Overview
Analysis
Solutions
Complete
·Feb 17, 2026
The Core Insight

The sorbent structure and the flow structure don't have to be the same physical object.

  • Every current contactor treats the sorbent-containing geometry as the airflow geometry — the pellets, fibers, or monolith walls that hold the sorbent ARE the structures that define the flow channels.
  • This couples void fraction to sorbent density through a single geometric parameter.
  • But if you separate these functions — use one structure (macro-channels) for airflow and a different structure (thin sorbent coatings on those channel walls) for CO₂ capture — you can independently optimize each.
  • The macro-void fraction controls ΔP; the micro-scale sorbent thickness controls diffusion path length and capacity.
  • The Ergun equation still governs the macro-channels, but now ε is set by channel geometry, not by sorbent packing density.
Viability
Solvable with Effort
  • All five targets are individually achievable with proven physics; the challenge is simultaneous integration in a single architecture at the cost target, which requires the hierarchical decoupling of flow and sorbent geometry validated here.
Key Decision

If you prioritize speed to a working prototype and operational learning, start with the desiccant wheel swap (sol-support-1) in parallel with sorbent sheet development. If you prioritize meeting all five targets in a single architecture, invest in the cross-corrugated sheet contactor (sol-primary). If your deployment model is centralized at >1,000 tCO₂/yr, the Ljungström rotary (innov-recommended) should be your 18–36 month moonshot.

Solution Paths
01NEEDS VALIDATION

Cross-Corrugated Sorbent Sheet Contactor

Slot-die coat PEI-silica onto Al foil, corrugate, cross-stack — 40–120 Pa ΔP, 0.84–1.27 kgCO₂/m³/hr, $100–250/m³ structure cost. Blocking question: coating adhesion under 10,000+ TVSA cycles.

02NEEDS DEVELOPMENT

Ljungström-Derived Rotary DAC Contactor

Adapt 100-year-proven rotary preheater architecture with sorbent sheet packing and atmospheric steam regeneration — eliminates vacuum sealing, enables continuous operation, but requires Howden/Balcke-Dürr partnership and $3–10M pilot investment.

Recommendation

If this were my project, I'd start two parallel tracks this week and spend less than $10K in the first month. Track 1 is the slurry formulation test — order the materials (SBA-15, PEI, CMC, SBR, Al foil), mix the slurry, measure viscosity. This takes 1–2 weeks and costs $2–5K. If the slurry is coatable, you've unlocked the entire portfolio. If it gels, try PVA binder or the two-step approach. This is the single highest-leverage experiment in the entire program because it gates everything downstream. Track 2 is the Munters phone call. Literally call their technical sales team and ask about custom sorbent chemistry for their HCU platform. Request uncoated substrate samples. This costs nothing and could get you a working rotary DAC prototype in 6–12 months — invaluable operational data while the primary concept develops. Once the slurry works (and I'm confident it will — at least one of the three approaches), coat Al foil coupons and start TVSA cycling. This is the $30–80K, 8–12 week experiment that answers the adhesion question. Run it in parallel with corrugation trials on a few meters of coated foil. I would NOT pursue the freeze-cast concept, the avian cross-flow concept, or the resistive heating concept as standalone development tracks. The freeze-cast has a fatal ΔP problem; the avian cross-flow has a fatal sealing problem; the resistive heating has a fatal cost problem. But I'd extract the useful principles from each — the embedded heating idea from concept-6 should be integrated into the Al foil substrate design as supplementary zone heating, and the cross-flow geometry from concept-9 is already captured by the cross-corrugation.
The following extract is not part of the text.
(* In the setting described in the context, let $\mathcal{X}_t(\{\bm{x}_0\})$ be the integrator reach set with time-varying input range $[u_{\min}(s),u_{\max}(s)]$, $s\in[0,t]$. Then every boundary point $\bm{x}^{\rm bdy}\in\partial\mathcal{X}_t(\{\bm{x}_0\})$ admits the parameterization, for some $\bm{\sigma}=(\sigma_1,\dots,\sigma_{n-1})\in\mathcal{W}_t$ and some choice of overall sign $\epsilon\in\{+1,-1\}$, $$\bm{x}^{\rm bdy}(\bm{\sigma})=\bm{\chi}(t,\bm{x}_0)+\int_0^t\nu(s)\bm{\xi}(t-s)\,{\rm d}s+\epsilon\sum_{i=1}^{n}(-1)^{i-1}\int_{\sigma_{i-1}}^{\sigma_i}\mu(s)\bm{\xi}(t-s)\,{\rm d}s,$$ with the convention $\sigma_0:=0$, $\sigma_n:=t$.
   Context: Let $\bm{A}\in\mathbb{R}^{n\times n}$, $\bm{b}\in\mathbb{R}^n$ with $(\bm{A},\bm{b})$ controllable and $\bm{A}$ having $n$ distinct eigenvalues; let $v_{\min}\le v_{\max}$ be constants, $\bm{z}_0\in\mathbb{R}^n$, $t>0$, and $\bm{x}_0:=\bm{M}\bm{z}_0$. Here $\bm{C}=(\bm{b},\bm{A}\bm{b},\dots,\bm{A}^{n-1}\bm{b})$, $\bm{q}^\top$ is the last row of $\bm{C}^{-1}$, $\bm{M}$ has rows $\bm{q}^\top,\bm{q}^\top\bm{A},\dots,\bm{q}^\top\bm{A}^{n-1}$; $\bm{c}=(c_0,\dots,c_{n-1})^\top$ are the coefficients of the characteristic polynomial $\lambda^n+c_{n-1}\lambda^{n-1}+\dots+c_0$ of $\bm{A}$; $\bm{A}_{\rm con}=\bm{M}\bm{A}\bm{M}^{-1}$ is the companion matrix with first $n-1$ rows $(\bm{0}\ \bm{I}_{n-1})$ and last row $-\bm{c}^\top$; $\bm{b}_{\rm con}=(0,\dots,0,1)^\top$; $\bm{A}_{\rm int}$ has first $n-1$ rows $(\bm{0}\ \bm{I}_{n-1})$ and last row zero. For $0\le s\le t$, with $f(\tau)=\langle\bm{c},e^{(s-\tau)\bm{A}_{\rm con}}\bm{b}_{\rm con}\rangle$ and $I(v)=v(s)-\int_0^s f(\tau)v(\tau)\,{\rm d}\tau$, let $I_{\min}(s),I_{\max}(s)$ be the inf and sup of $I(v)$ over $v\in C([0,s])$ with $v_{\min}\le v\le v_{\max}$, and $u_{\min}(s)=-\langle\bm{c},e^{s\bm{A}_{\rm con}}\bm{M}\bm{z}_0\rangle+I_{\min}(s)$, $u_{\max}(s)=-\langle\bm{c},e^{s\bm{A}_{\rm con}}\bm{M}\bm{z}_0\rangle+I_{\max}(s)$. The integrator reach set $\mathcal{X}_t(\{\bm{x}_0\})$ is the set of $\bm{x}(t)$ with $\dot{\bm{x}}=\bm{A}_{\rm int}\bm{x}+\bm{b}_{\rm con}u$, $\bm{x}(0)=\bm{x}_0$, $u\in C([0,t])$, $u_{\min}(s)\le u(s)\le u_{\max}(s)$ for all $s$. Define $\mu(s):=(u_{\max}(s)-u_{\min}(s))/2$, $\nu(s):=(u_{\max}(s)+u_{\min}(s))/2$, $\bm{\xi}(s):=\big(\tfrac{s^{n-1}}{(n-1)!},\tfrac{s^{n-2}}{(n-2)!},\dots,s,1\big)^\top$, and $\bm{\chi}(t,\bm{x}_0)\in\mathbb{R}^n$ componentwise by $\chi_k=\sum_{\ell=k}^{n}\frac{t^{\ell-k}}{(\ell-k)!}x_{\ell0}$, $k=1,\dots,n$, where $x_{\ell 0}$ is the $\ell$-th component of $\bm{x}_0$. The Weyl chamber is $\mathcal{W}_t:=\{\bm{\sigma}\in\mathbb{R}^{n-1}\mid 0\le\sigma_1\le\dots\le\sigma_{n-1}\le t\}$. *)

theory Defs
  imports "HOL-Analysis.Analysis"
begin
  1. Week 1–2Order materials, mix slurry, measure viscosity ($2–5K)
  2. Week 2–4Doctor-blade coat coupons, measure initial CO₂ uptake ($5–10K)
  3. Week 4–12TVSA cycling durability test, 1,000 cycles ($20–50K)
  4. Month 1Call Munters, request substrate samples ($0)
  5. Month 3–6Toll-coat sorbent sheets at battery electrode service ($30–80K)
  6. Month 6–12Build 10 cm³ test contactor, measure ΔP and CO₂ uptake ($50–100K)

The Ljungström concept is the 18–36 month moonshot. Don't start the partnership conversation until you have validated sorbent sheet data — you need credibility before approaching Howden. But start the heat recovery analysis now (CFD modeling, $20–50K) so you have the technical brief ready when the sorbent data comes in.